The final unseen cost I will note is a result of the barrier to entry to many industries presented by infosec regulations. As stated in the study linked above these regulations are very costly for small organizations to implement. Whereas in the absence of regulation a smaller organization might choose to accept or insure against some risk the regulation forces them to implement some expensive technical and process controls. These costs might very well be the margin which makes these new start up companies and innovative products unprofitable to produce. When referencing the previous points an entrepreneur with a security tool or product might also be deterred from entering the market if the tool could not be sold as a requirement for compliance with a particular regulation. In these ways there is a logical impact on innovation in the IT security and all other industries subject to regulation and thus a major unseen cost to security regulation.
Due to the costs of data breaches and business impact of security incidents those businesses that made poor choices in hiring, projects, and security in general would be punished severely even in the absence of any IT security regulation.

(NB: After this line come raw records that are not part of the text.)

(* Every Collatz trajectory $(n,C(n),C^2(n),\dots)$, $n\in\mathbb{N}^+$, that does not contain $1$ contains some element $m\equiv 6\pmod 8$.
   Context: $C:\mathbb{N}^+\to\mathbb{N}^+$ is the Collatz function $C(n)=n/2$ for $n$ even and $C(n)=3n+1$ for $n$ odd. *)

theory Defs
  imports Main
begin

definition collatz :: "nat \<Rightarrow> nat" where
  "collatz n = (if even n then n div 2 else 3 * n + 1)"

end

theory Submission
  imports Defs
begin

text \<open>Every positive number not congruent to 3 mod 4 has 1 or an element congruent to
  6 mod 8 in its trajectory, by strong induction: an even
  number not congruent to 6 mod 8 halves to a smaller number not congruent to 3 mod 4, and
  for x congruent to 1 mod 4 two steps give 2w with w = (3x+1)/4 < x; either 2w is
  congruent to 6 mod 8, or w is again not congruent to 3 mod 4. A number congruent to
  3 mod 4 is mapped to an even number in one step.\<close>

definition reaches_one_or_six_mod_8 :: "nat \<Rightarrow> bool" where
  "reaches_one_or_six_mod_8 x \<longleftrightarrow> (\<exists>k. (collatz ^^ k) x = 1 \<or> (collatz ^^ k) x mod 8 = 6)"

lemma reaches_one_or_six_mod_8_funpow:
  assumes "reaches_one_or_six_mod_8 ((collatz ^^ j) x)"
  shows "reaches_one_or_six_mod_8 x"
proof -
  obtain k where "(collatz ^^ k) ((collatz ^^ j) x) = 1 \<or> (collatz ^^ k) ((collatz ^^ j) x) mod 8 = 6"
    using assms unfolding reaches_one_or_six_mod_8_def by blast
  then show ?thesis
    unfolding reaches_one_or_six_mod_8_def by (metis funpow_add o_apply)
qed

lemma reaches_one_or_six_mod_8_self:
  "x = 1 \<or> x mod 8 = 6 \<Longrightarrow> reaches_one_or_six_mod_8 x"
  unfolding reaches_one_or_six_mod_8_def by (metis funpow_0)

lemma collatz_even: "even x \<Longrightarrow> collatz x = x div 2"
  by (simp add: collatz_def)

lemma collatz_odd: "odd x \<Longrightarrow> collatz x = 3 * x + 1"
  by (simp add: collatz_def)

lemma collatz_twice_mod_4_eq_1:
  assumes "x mod 4 = 1"
  shows "(collatz ^^ 2) x = 2 * ((3 * x + 1) div 4)"
proof -
  have "odd x" and "even (3 * x + 1)" and "(3 * x + 1) div 2 = 2 * ((3 * x + 1) div 4)"
    using assms by presburger+
  then show ?thesis
    by (simp add: numeral_2_eq_2 collatz_odd collatz_even)
qed

lemma reaches_one_or_six_mod_8_if_not_3_mod_4:
  "0 < x \<Longrightarrow> x mod 4 \<noteq> 3 \<Longrightarrow> reaches_one_or_six_mod_8 x"
proof (induction x rule: less_induct)
  case (less x)
  consider "x = 1" | "x mod 8 = 6" | "even x" "x mod 8 \<noteq> 6" | "x \<noteq> 1" "x mod 4 = 1"
  proof -
    have "x = 1 \<or> x mod 8 = 6 \<or> (even x \<and> x mod 8 \<noteq> 6) \<or> (x \<noteq> 1 \<and> x mod 4 = 1)"
      using less.prems(2) by presburger
    then show thesis using that by blast
  qed
  then show ?case
  proof cases
    case 3
    then have "reaches_one_or_six_mod_8 (x div 2)"
      using less by (intro less.IH) presburger+
    then show ?thesis
      using reaches_one_or_six_mod_8_funpow[of 1 x] 3 by (simp add: collatz_even)
  next
    case 4
    define w where "w = (3 * x + 1) div 4"
    have twice: "(collatz ^^ 2) x = 2 * w"
      using 4 collatz_twice_mod_4_eq_1 w_def by simp
    show ?thesis
    proof (cases "w mod 4 = 3")
      case True
      then have "(2 * w) mod 8 = 6" by presburger
      then have "reaches_one_or_six_mod_8 ((collatz ^^ 2) x)"
        by (simp add: twice reaches_one_or_six_mod_8_self)
      then show ?thesis by (rule reaches_one_or_six_mod_8_funpow)
    next
      case False
      have "w < x" "0 < w" using 4 less.prems unfolding w_def by presburger+
      with False have "reaches_one_or_six_mod_8 w" by (intro less.IH)
      moreover have "(collatz ^^ 3) x = collatz ((collatz ^^ 2) x)"
        by (simp add: numeral_3_eq_3 numeral_2_eq_2)
      ultimately show ?thesis
        using reaches_one_or_six_mod_8_funpow[of 3 x] by (simp add: twice collatz_even)
    qed
  qed (use reaches_one_or_six_mod_8_self in blast)+
qed

theorem mainTheorem14:
  fixes n :: nat
  assumes "n > 0"
    and "\<forall>k. (collatz ^^ k) n \<noteq> 1"
  shows "\<exists>k. (collatz ^^ k) n mod 8 = 6"
proof -
  have "reaches_one_or_six_mod_8 n"
  proof (cases "n mod 4 = 3")
    case True
    then have "odd n" and "(3 * n + 1) mod 4 \<noteq> 3" by presburger+
    then have "(collatz ^^ 1) n = 3 * n + 1" and "(3 * n + 1) mod 4 \<noteq> 3"
      by (simp_all add: collatz_odd)
    then show ?thesis
      using reaches_one_or_six_mod_8_if_not_3_mod_4 reaches_one_or_six_mod_8_funpow
      by (metis add_gr_0 zero_less_one)
  qed (use assms(1) reaches_one_or_six_mod_8_if_not_3_mod_4 in blast)
  then show ?thesis
    using assms(2) unfolding reaches_one_or_six_mod_8_def by blast
qed

end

The costs due to disrupted operations, IP theft, reputation damage, direct financial theft or fraud need to be measured by business leaders and technologists and appropriate controls must be put in place. Failure to do so should mean failure of the business. The creation of broad, general regulatory frameworks and ineffective auditing for compliance of IT security technology, people, and process diverts resources from addressing actual risks to the business and presents a false sense of security in the literal sense for those decision makers with the actual responsibility to ensure security for their business, customers, partners, investors, and everyone else with a stake in the success of the organization.